The Security Council Resolution 1325 of the United Nations represents the founding document of the Women, Peace and Security Agenda. The underlying message however is not a feminist security approach but a representational one that focuses on special protection of women, increased participation of women in the military apparatus and within peace processes, and the prevention of armed conflict. Besides the preventive pillar, the agenda calls for making women visible instead of re-adjusting state-centered security approaches. Therefore, this agenda is to be seen as a women-add-on to the classical security approach only.

Security approach of the European Union:

The EU  was originally formed in the name of  integration and collaboration of states on the European continent.
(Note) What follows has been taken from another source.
(* Let $f:\mathbb{R}^n_{>0}\to\mathbb{R}^n_{>0}$ be order-preserving and homogeneous. The eigenspace $E(f)$ is nonempty and bounded in $(\mathbb{R}^n_{>0},d_H)$ if and only if for every nonempty proper subset $J\subset[n]$, $$r(f^J_0)<\lambda\big(f^{[n]\setminus J}_\infty\big).$$
   Context: $[n]=\{1,\dots,n\}$. For $x,y\in\mathbb{R}^n$, $x\le y$ means $y_i\ge x_i$ for all $i$. A map $f$ is order-preserving if $x\le y$ implies $f(x)\le f(y)$, and homogeneous if $f(tx)=tf(x)$ for all $t>0$. Hilbert's projective metric on $\mathbb{R}^n_{>0}$ is $d_H(x,y)=\log\max_{i,j\in[n]}\frac{y_ix_j}{x_iy_j}$. $E(f)=\{x\in\mathbb{R}^n_{>0}: f(x)=\mu x\text{ for some }\mu\}$ is the set of entrywise positive eigenvectors of $f$. Every order-preserving homogeneous $f:\mathbb{R}^n_{>0}\to\mathbb{R}^n_{>0}$ extends continuously (and uniquely) to order-preserving homogeneous maps $\mathbb{R}^n_{\ge0}\to\mathbb{R}^n_{\ge0}$ and $(0,\infty]^n\to(0,\infty]^n$ (order topology on the extended reals, conventions $c<\infty$, $c\cdot\infty=\infty$ for $c>0$); these extensions are also denoted $f$. For $\alpha\in[-\infty,\infty]$ and $J\subseteq[n]$, $P^J_\alpha$ is the map with $P^J_\alpha(x)_j=x_j$ if $j\in J$ and $P^J_\alpha(x)_j=\alpha$ otherwise. Define $f^J_0=P^J_0\circ f\circ P^J_0:\mathbb{R}^n_{\ge0}\to\mathbb{R}^n_{\ge0}$ and $f^J_\infty=P^J_\infty\circ f\circ P^J_\infty:(0,\infty]^n\to(0,\infty]^n$. For an order-preserving homogeneous map $g$ on $\mathbb{R}^n_{\ge0}$ or on $(0,\infty]^n$, the upper and lower Collatz–Wielandt numbers are $r(g)=\inf_{x\in\mathbb{R}^n_{>0}}\max_{i\in[n]}g(x)_i/x_i$ and $\lambda(g)=\sup_{x\in\mathbb{R}^n_{>0}}\min_{i\in[n]}g(x)_i/x_i$, with values in $[0,\infty]$ (a ratio with infinite numerator is $\infty$). *)

theory Defs
  imports "HOL-Analysis.Analysis"
begin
In 1999, it integrated its ‘Common Security and Defense Policy’ and adopted its first security strategy in 2003. with which it started to focus on outside threats and security issues in response to ‘new international security threats’ after 9/11. Now, the EU functions as a common securitization collective and identifies common threats or insecurity, such as terrorism, migration, energy or climate change.[8] The EU is an active member in global militarized action. To name some, several troops are deployed to peacekeeping missions and border control is outsourced a border- control-and defense agency (Frontex). In addition, the EU has been debating the setup of a European Army for several years now. All of this only marginally, if at all, touches upon the aspect of defense industries located in Europe. 

Concluding

Taking these three institutions as examples of the prevalent security narrative, it is obvious that securitization processes are of larger concern. Securitization can be instrumentalized to justify an increase in defence infrastructure and military spending and to legitimize institutional action while making citizens feel threatened and scared. Feminist analysis and respective reframing of these narratives and alleged threats urgently need to be applied to prevent the political agenda from moving further towards positions which plays into the hands of the political right. 

By Madita Standke-Erdmann and Victoria Scheyer (Women’s International League for Peace and Freedom)


[1] “United Nations; World Bank. 2018. Pathways for Peace : Inclusive Approaches to Preventing Violent Conflict. Washington, DC: World Bank. © World Bank. https://openknowledge.worldbank.org/handle/10986/28337 License: CC BY 3.0 IGO.”

[2] Buzan, B.; Waever, O.; de Wilde, J. (1998): Security. A new framework of analysis.Boulder:Lynne Rienner Publishers.

[3] Stengel, F. A. (2019). Securitization as Discursive (Re) Articulation: Explaining the Relative Effectiveness of Threat Construction. New Political Science41(2), 294-312.

[4] Wibben, A., T. R. (2010). Feminist security studies. In M. Dunn Cavelty & V. Mauer (Eds.), The Routledge handbook of security studies. Milton Park, Abingdon, Oxon ; New York: Routledge.

[5] Wibben, A. T. (2010). Feminist security studies: A narrative approach. Routledge.

[6] See United Nation Security Council Resolution 1325 at peacewomen.org

[7] OSCE (2019): Border Management. [available from:  https://www.osce.org/border-management]

[8] Sperling, James & Webber, Mark. (2019). The European Union, Security Governance and Collective Securitization. West European Politics. 42. 228-260. 10.1080/01402382.2018.1510193.